In: Economics
Write one page using the data (from 2009-2017), explain the effect consumption it has on GDP. Using details in crisis situations (such as the global crisis) and other situations why this happened.
Solution:
Personal consumption drives the American economy. Personal consumption historically represents 70% of US GDP.
We will examine personal consumption expenditures using the expenditure approach:
C + I + G + (X - M) = GDP
C = Personal Consumption Expenditures
I = Gross Private Fixed Investment
G = Government Expenditures and Investment
X = Net Exports
M = Net Imports
The personal consumption expenditures price index (PCE) measure is the component statistic for consumption in GDP collected by the Bureau of Economic Analysis. It consists of the actual and imputed expenditures of households and includes data pertaining to durable and non-durable goods and services. It is essentially a measure of goods and services targeted towards individuals and consumed by individuals. If we look at the data and analysis the contribution of personal consumption on GDP at the end of the fourth quarter or financial year:
In 2009, approx 67.83% of total GDP is personal consumption
In 2010, approx 68.05% of total GDP is personal consumption
In 2011, approx 67.92% of total GDP is personal consumption
In 2012, approx 67.94% of total GDP is personal consumption
In 2013, approx 67.50% of total GDP is personal consumption
In 2014, approx 68.09% of total GDP is personal consumption
In, 2015, approx 68.76% of total GDP is personal consumption
In 2016,approx 69.44% of total GDP is personal consumption
In 2017, approx 69.62% of total GDP is personal consumption
So, we can see over the years the personal consumption has been increased which is clearly indicating that the economy is in the path of growth.

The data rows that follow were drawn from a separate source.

text \<open>The admissible values c at a new vector w: the lower bounds a - \<parallel>x - w\<parallel> and the upper
  bounds \<parallel>y + w\<parallel> - b are compatible by the triangle inequality.\<close>
lemma dominated_linear_graph_extension_value:
  assumes G: "dominated_linear_graph G"
  obtains c where "\<And>x a. (x, a) \<in> G \<Longrightarrow> a - norm (x - w) \<le> c"
    "\<And>x a. (x, a) \<in> G \<Longrightarrow> c \<le> norm (x + w) - a"
proof -
  define A where "A = {a - norm (x - w) | x a. (x, a) \<in> G}"
  have A_le: "t \<le> norm (y + w) - b" if "t \<in> A" "(y, b) \<in> G" for t y b
  proof -
    obtain x a where t: "t = a - norm (x - w)" "(x, a) \<in> G"
      using \<open>t \<in> A\<close> unfolding A_def by blast
    then have "(x + y, a + b) \<in> G" using G that(2) unfolding dominated_linear_graph_def by blast
    then have "a + b \<le> norm ((x - w) + (y + w))" using G unfolding dominated_linear_graph_def by simp
    also have "\<dots> \<le> norm (x - w) + norm (y + w)" by (rule norm_triangle_ineq)
    finally show ?thesis using t by simp
  qed
  have "A \<noteq> {}" using G unfolding A_def dominated_linear_graph_def by blast
  have "bdd_above A" using A_le G unfolding bdd_above_def dominated_linear_graph_def by blast
  show ?thesis
  proof (rule that)
    show "a - norm (x - w) \<le> Sup A" if "(x, a) \<in> G" for x a
      using \<open>bdd_above A\<close> that by (auto intro!: cSup_upper simp: A_def)
    show "Sup A \<le> norm (x + w) - a" if "(x, a) \<in> G" for x a
      using \<open>A \<noteq> {}\<close> that A_le by (auto intro!: cSup_least)
  qed
qed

In 2016, American households spent $11.6 trillion. Sixty-five percent went toward services. The biggest component was housing, at $2 trillion. Next was health care, at $1.9 trillion. After these essentials were covered, financial services and hotels/restaurants were next, at $700 billion each. Other forms of recreation and transportation services contributed $4 billion each. Non-profits provided $300 billion in services. Americans spent one-third of total expenditures on goods.They spent $2.5 trillion on non-durable goods, such as food, clothing and energy. Durable goods totaled $1.5 trillion. They spent $600 billion on recreational goods, mostly consumer electronics. They spent $400 billion each on automobiles and furniture.
As we can see from the graph above, with a rise in GDP, personal consumption is also increasing. The contribution of personal consumption towards GDP has been increased simultaneously. A large driver of this growth has been the dramatic increase of the financial services and health care services industries.